He turned back and noted that the infant was growing before his eyes, was creeping, sitting, standing, toddling, walking, playing, talking. In utter fascination he watched this growing child, sensed its subjective experiences of learning, of wanting, of feeling. He followed it in distorted time through a multitude of experiences as it passed from infancy to childhood to school days to early youth to teenage. He watched the child’s physical development, sensed its physical and subjective mental experiences, sympathized with it, empathized with it, thought and wondered and learned with it. He felt as one with it, as if it were he himself, and he continued to watch it until finally he realized that he had watched that infant grow to the maturity of 23 years. He stepped closer to see what the young man was looking at, and suddenly realized that the young man was Aldous Huxley himself, and that this Aldous Huxley was looking at another Aldous Huxley, obviously in his early fifties, just across the vestibule in which they both were standing; and that he, aged 52, was looking at himself, Aldous, aged 23. Then Aldous, aged 23 and Aldous aged 52, apparently realized simultaneously that they were looking at each other and the curious questions at once arose in the mind of each of them. For one the question was, “Is that my idea of what I’ll be like when I am 52?” and, “Is that really the way I appeared when I was 23?” Each was aware of the question in the other’s mind. Each found the question of “Extraordinarily fascinating interest” and each tried to determine which was the “actual reality” and which was the “mere subjective experience outwardly projected in hallucinatory form.”

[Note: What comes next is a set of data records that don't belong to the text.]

(* Suppose that the Collatz map $T$ has no cycle of positive integers other than the trivial cycle $\{1,2\}$. Then the operator $\mathcal{T}$ on $H_{ber}^2(D)/X$ is hypercyclic, i.e. there exists a vector $v\in H_{ber}^2(D)/X$ whose orbit $\{\mathcal{T}^n v: n\ge 0\}$ is dense in $H_{ber}^2(D)/X$.
   Context: $T:\mathbb{Z}\to\mathbb{Z}$ is the (reduced) Collatz map: $T(n)=\frac{3n+1}{2}$ for odd $n$ and $T(n)=\frac n2$ for even $n$. A cycle is a finite set $\{n_1,\dots,n_k\}$ with $T(n_i)=n_{i+1}$, $T(n_k)=n_1$. $D$ is the open unit disk. $H_{ber}^2(D)$ is the Bergman space of holomorphic $f$ on $D$ with $\|f\|^2=\int_D|f|^2\,dA<\infty$ (so $\|z^n\|^2=\frac{\pi}{n+1}$). The operator $\mathcal{T}$ acts on power series by $\sum_{n\ge0} a_nz^n\mapsto\sum_{n\ge0} a_n z^{T(n)}$ (equivalently $\mathcal{T}f(z)=(Sf)(\sqrt z)+\sqrt z\,(Af)(z^{3/2})$ with $S,A$ the even and odd parts of $f$); it is bounded on $H_{ber}^2(D)$, leaves $X=\operatorname{span}\{1,z,z^2\}$ invariant, and induces a bounded operator on the quotient Banach space $H_{ber}^2(D)/X$, still denoted $\mathcal{T}$. *)

theory Defs
  imports "HOL-Analysis.Analysis"
begin

definition collatz :: "int \<Rightarrow> int" where
  "collatz n = (if even n then n div 2 else (3 * n + 1) div 2)"

definition collatz_cycle :: "int set \<Rightarrow> bool" where
  "collatz_cycle C \<longleftrightarrow> (\<exists>ns. ns \<noteq> [] \<and> distinct ns \<and> set ns = C \<and>
      (\<forall>i < length ns. collatz (ns ! i) = ns ! ((i + 1) mod length ns)))"

definition collatz_nat :: "nat \<Rightarrow> nat" where
  "collatz_nat n = nat (collatz (int n))"

definition bergman :: "(complex \<Rightarrow> complex) set" where
  "bergman = {f. f holomorphic_on ball 0 1 \<and>
                 (\<lambda>z. (cmod (f z))\<^sup>2) integrable_on ball 0 1}"

definition berg_norm :: "(complex \<Rightarrow> complex) \<Rightarrow> real" where
  "berg_norm f = sqrt (integral (ball 0 1) (\<lambda>z. (cmod (f z))\<^sup>2))"

definition taylor_coeff :: "(complex \<Rightarrow> complex) \<Rightarrow> nat \<Rightarrow> complex" where
  "taylor_coeff f n = (deriv ^^ n) f 0 / of_nat (fact n)"

definition collatz_op :: "(complex \<Rightarrow> complex) \<Rightarrow> (complex \<Rightarrow> complex)" where
  "collatz_op f = (\<lambda>z. \<Sum>n. taylor_coeff f n * z ^ collatz_nat n)"

definition polyX :: "(complex \<Rightarrow> complex) set" where
  "polyX = {p. \<exists>a b c. p = (\<lambda>z. a + b * z + c * z\<^sup>2)}"

text \<open>Distance in the quotient Banach space H_ber^2(D)/X between the classes of u and w.\<close>
definition quot_dist :: "(complex \<Rightarrow> complex) \<Rightarrow> (complex \<Rightarrow> complex) \<Rightarrow> real" where
  "quot_dist u w = Inf {berg_norm (\<lambda>z. u z - w z - p z) | p. p \<in> polyX}"

end

theory Submission
  imports Defs "HOL-Complex_Analysis.Complex_Analysis"
begin

text \<open>
  The Taylor coefficients of \<open>\<T>f\<close> arise by summing those of \<open>f\<close> over Collatz preimages, and
  since monomials are orthogonal, \<open>\<parallel>f\<parallel>\<^sup>2 = \<Sum> |a\<^sub>n|\<^sup>2 w\<^sub>n\<close> with weights \<open>w\<^sub>n = \<parallel>z\<^sup>n\<parallel>\<^sup>2\<close>
  decreasing to 0. If \<open>{1, 2}\<close> is the only positive cycle, the orbit of every \<open>n \<ge> 1\<close>
  either drops below 3, where it is invisible modulo \<open>X\<close>, or tends to infinity, where the
  weights vanish; so \<open>\<T>\<^sup>k y \<longrightarrow> 0\<close> modulo \<open>X\<close> for every polynomial \<open>y\<close>.

  Enumerate the polynomials \<open>y\<^sub>j\<close> with Gaussian rational coefficients in degrees \<open>\<ge> 3\<close>, each
  one infinitely often, and put \<open>f = \<Sum>\<^sub>j y\<^sub>j(z\<^bsup>2\<^bsup>N\<^sub>j\<^esup>\<^esup>)\<close> with rapidly increasing \<open>N\<^sub>j\<close>.
  As \<open>T\<close> halves even numbers, \<open>\<T>\<^bsup>N\<^sub>J\<^esup> f\<close> is the sum of the images \<open>\<T>\<^bsup>N\<^sub>J - N\<^sub>i\<^esup> y\<^sub>i\<close>
  (\<open>i < J\<close>), which are small modulo \<open>X\<close> once the gaps are large, of \<open>y\<^sub>J\<close> itself, and of the
  still dilated \<open>y\<^sub>j(z\<^bsup>2\<^bsup>N\<^sub>j - N\<^sub>J\<^esup>\<^esup>)\<close> (\<open>j > J\<close>), which are small because \<open>w\<^sub>n \<longrightarrow> 0\<close>.
  Hence the orbit of \<open>f\<close> approaches every \<open>y\<^sub>J\<close> modulo \<open>X\<close>, and these are dense.
\<close>

section \<open>Rotation invariance of planar Lebesgue measure\<close>

definition complex_of_vec2 :: "real^2 \<Rightarrow> complex" where
  "complex_of_vec2 v = Complex (v$1) (v$2)"

lemma borel_measurable_complex_of_vec2[measurable]: "complex_of_vec2 \<in> borel_measurable borel"
  unfolding complex_of_vec2_def by (intro borel_measurable_continuous_onI continuous_intros)

lemma mem_box_complex_iff:
  "x \<in> box (l::complex) u \<longleftrightarrow> Re l < Re x \<and> Re x < Re u \<and> Im l < Im x \<and> Im x < Im u"
  by (auto simp: box_def Basis_complex_def)

lemma prod_Basis_vec2: "(\<Prod>b\<in>(Basis::(real^2) set). (x::real^2) \<bullet> b) = x$1 * x$2"
proof -
  have "(\<Prod>b\<in>(Basis::(real^2) set). x \<bullet> b) = (\<Prod>i\<in>UNIV. x$i)"
    by (simp add: Basis_vec_def cart_eq_inner_axis axis_eq_axis prod.UNION_disjoint)
  also have "\<dots> = x$1 * x$2" by (simp add: UNIV_2)
  finally show ?thesis .
qed

lemma ball_Basis_vec2_le_iff:
  "(\<forall>b\<in>(Basis::(real^2) set). (x::real^2) \<bullet> b \<le> y \<bullet> b) \<longleftrightarrow> x$1 \<le> y$1 \<and> x$2 \<le> y$2"
  by (auto simp: Basis_vec_def cart_eq_inner_axis forall_2)

lemma distr_lborel_complex_of_vec2: "distr lborel borel complex_of_vec2 = lborel"
proof (rule lborel_eqI[symmetric])
  fix l u :: complex
  assume le: "\<And>b. b \<in> Basis \<Longrightarrow> l \<bullet> b \<le> u \<bullet> b"
  define a :: "real^2" where "a = (\<chi> i. if i = 1 then Re l else Im l)"
  define b :: "real^2" where "b = (\<chi> i. if i = 1 then Re u else Im u)"
  have ab: "a$1 = Re l" "a$2 = Im l" "b$1 = Re u" "b$2 = Im u" by (auto simp: a_def b_def)
  have preimage: "complex_of_vec2 -` box l u = box a b"
    by (auto simp: complex_of_vec2_def mem_box_complex_iff mem_box_cart forall_2 ab)
  have "Re l \<le> Re u" "Im l \<le> Im u"
    using le[of 1] le[of \<i>] by (auto simp: Basis_complex_def)
  then have "emeasure (distr lborel borel complex_of_vec2) (box l u) = (Re u - Re l) * (Im u - Im l)"
    by (simp add: emeasure_distr preimage emeasure_lborel_box_eq ball_Basis_vec2_le_iff
        prod_Basis_vec2 ab)
  then show "emeasure (distr lborel borel complex_of_vec2) (box l u) = (\<Prod>b\<in>Basis. (u - l) \<bullet> b)"
    by (simp add: Basis_complex_def)
qed simp

definition rotation2 :: "real \<Rightarrow> real \<Rightarrow> real^2 \<Rightarrow> real^2" where
  "rotation2 a b v = (\<chi> i. if i = 1 then a * v$1 - b * v$2 else b * v$1 + a * v$2)"

lemma rotation2_nth[simp]:
  "rotation2 a b v $ 1 = a * v$1 - b * v$2" "rotation2 a b v $ 2 = b * v$1 + a * v$2"
  by (auto simp: rotation2_def)

lemma linear_rotation2: "linear (rotation2 a b)"
  by (rule linearI) (auto simp: vec_eq_iff forall_2 algebra_simps)

lemma continuous_on_rotation2: "continuous_on S (rotation2 a b)"
  using linear_rotation2 linear_conv_bounded_linear linear_continuous_on by blast

lemma borel_measurable_rotation2[measurable]: "rotation2 a b \<in> borel_measurable borel"
  by (intro borel_measurable_continuous_onI continuous_on_rotation2)

lemma norm_vec2: "norm (v::real^2) = sqrt ((v$1)^2 + (v$2)^2)"
  by (simp add: norm_vec_def L2_set_def UNIV_2)

lemma orthogonal_transformation_rotation2:
  assumes "a^2 + b^2 = 1" shows "orthogonal_transformation (rotation2 a b)"
proof -
  have "(a * v$1 - b * v$2)^2 + (b * v$1 + a * v$2)^2 = (a^2 + b^2) * ((v$1)^2 + (v$2)^2)"
    for v :: "real^2"
    by (simp add: power2_eq_square algebra_simps)
  then show ?thesis
    using assms by (simp add: orthogonal_transformation linear_rotation2 norm_vec2)
qed

lemma rotation2_inverse:
  assumes "a^2 + b^2 = 1" shows "rotation2 a (-b) (rotation2 a b v) = v"
proof -
  have "a * (a * x - b * y) + b * (b * x + a * y) = (a^2 + b^2) * x"
    and "- b * (a * x - b * y) + a * (b * x + a * y) = (a^2 + b^2) * y" for x y
    by (simp_all add: power2_eq_square algebra_simps)
  then show ?thesis using assms by (simp add: vec_eq_iff forall_2)
qed

lemma distr_lborel_rotation2:
  assumes ab: "a^2 + b^2 = 1" shows "distr lborel borel (rotation2 a b) = lborel"
proof (rule lborel_eqI[symmetric])
  fix l u :: "real^2"
  assume le: "\<And>b. b \<in> Basis \<Longrightarrow> l \<bullet> b \<le> u \<bullet> b"
  have ab': "a^2 + (-b)^2 = 1" using ab by simp
  have preimage: "rotation2 a b -` box l u = rotation2 a (-b) ` box l u"
    using rotation2_inverse[OF ab] rotation2_inverse[OF ab', simplified]
    by (auto intro!: image_eqI)
  have "rotation2 a b -` box l u \<in> sets borel"
    by (intro borel_open open_vimage open_box continuous_on_rotation2)
  then have "emeasure (distr lborel borel (rotation2 a b)) (box l u)
      = emeasure lebesgue (rotation2 a (-b) ` box l u)"
    by (simp add: emeasure_distr preimage[symmetric] emeasure_completion)
  also have "\<dots> = measure lebesgue (box l u)"
    using measurable_orthogonal_image[OF orthogonal_transformation_rotation2[OF ab']]
      measure_orthogonal_image[OF orthogonal_transformation_rotation2[OF ab']]
    by (simp add: emeasure_eq_measure2)
  also have "\<dots> = emeasure lborel (box l u)"
    by (simp add: emeasure_eq_measure2 measure_completion)
  finally show "emeasure (distr lborel borel (rotation2 a b)) (box l u) = (\<Prod>b\<in>Basis. (u - l) \<bullet> b)"
    using le by (simp add: emeasure_lborel_box_eq)
qed simp

lemma cis_mult_complex_of_vec2:
  "cis x * complex_of_vec2 v = complex_of_vec2 (rotation2 (cos x) (sin x) v)"
  by (simp add: complex_of_vec2_def cis.ctr complex_eq_iff)

lemma distr_lborel_mult_cis: "distr lborel borel (\<lambda>z. cis x * z) = (lborel :: complex measure)"
proof -
  have "(\<lambda>z. cis x * z) \<circ> complex_of_vec2 = complex_of_vec2 \<circ> rotation2 (cos x) (sin x)"
    by (simp add: fun_eq_iff cis_mult_complex_of_vec2)
  then have "distr lborel borel (\<lambda>z. cis x * z)
      = distr (distr lborel borel (rotation2 (cos x) (sin x))) borel complex_of_vec2"
    by (simp add: distr_lborel_complex_of_vec2[symmetric] distr_distr)
  then show ?thesis
    by (simp add: distr_lborel_rotation2 distr_lborel_complex_of_vec2)
qed

lemma lborel_integral_mult_cis:
  fixes f :: "complex \<Rightarrow> 'b::{banach, second_countable_topology}"
  assumes [measurable]: "f \<in> borel_measurable borel"
  shows "(\<integral>z. f (cis x * z) \<partial>lborel) = (\<integral>z. f z \<partial>lborel)"
proof -
  have "(\<integral>z. f z \<partial>lborel) = (\<integral>z. f z \<partial>(distr lborel borel (\<lambda>z. cis x * z)))"
    by (simp add: distr_lborel_mult_cis)
  also have "\<dots> = (\<integral>z. f (cis x * z) \<partial>lborel)"
    by (rule integral_distr) auto
  finally show ?thesis by simp
qed

section \<open>Parseval's identity for the Bergman norm\<close>

lemma pred_in_ball[measurable]: "Measurable.pred borel (\<lambda>x::complex. x \<in> ball 0 r)"
  by (simp add: pred_def borel_open)

lemma borel_measurable_monomial_cnj[measurable]:
  "(\<lambda>x::complex. x^n * cnj x^m) \<in> borel_measurable borel"
  by (intro borel_measurable_continuous_onI continuous_intros)

lemma integrable_indicator_ball_continuous:
  fixes g :: "complex \<Rightarrow> 'b::{banach, second_countable_topology}"
  assumes "continuous_on (cball 0 r) g" and [measurable]: "g \<in> borel_measurable borel"
  shows "integrable lborel (\<lambda>z. indicator (ball 0 r) z *\<^sub>R g z)"
proof (rule Bochner_Integration.integrable_bound)
  show "integrable lborel (\<lambda>z. indicator (cball 0 r) z *\<^sub>R g z)"
    by (rule borel_integrable_compact) (use assms in auto)
qed (auto simp: indicator_def)

definition disc_monomial_integral :: "real \<Rightarrow> nat \<Rightarrow> nat \<Rightarrow> complex" where
  "disc_monomial_integral r n m = (\<integral>z. indicator (ball 0 r) z *\<^sub>R (z^n * cnj z^m) \<partial>lborel)"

The question of whether such experiences are “actual reality” or “mere subjective experience outwardly projected in hallucinatory form” is central to current debate that pits “veridical experience” against “false memory” and pits multiple personality against role-playing. Although Huxley’s apparently exceptional ability to enhance recall by altering the state of his brain and our own ability in dreams to relive early experience are clear evidence that memory is state dependent and can be altered, none of the evidence supports the now thoroughly discredited idea that every experience, thought, and feeling is recorded in the brain-mind forever and is therefore theoretically retrievable. And none of it counters the strong positive empirical evidence that memory is easily distorted or even fabricated in response to social demands.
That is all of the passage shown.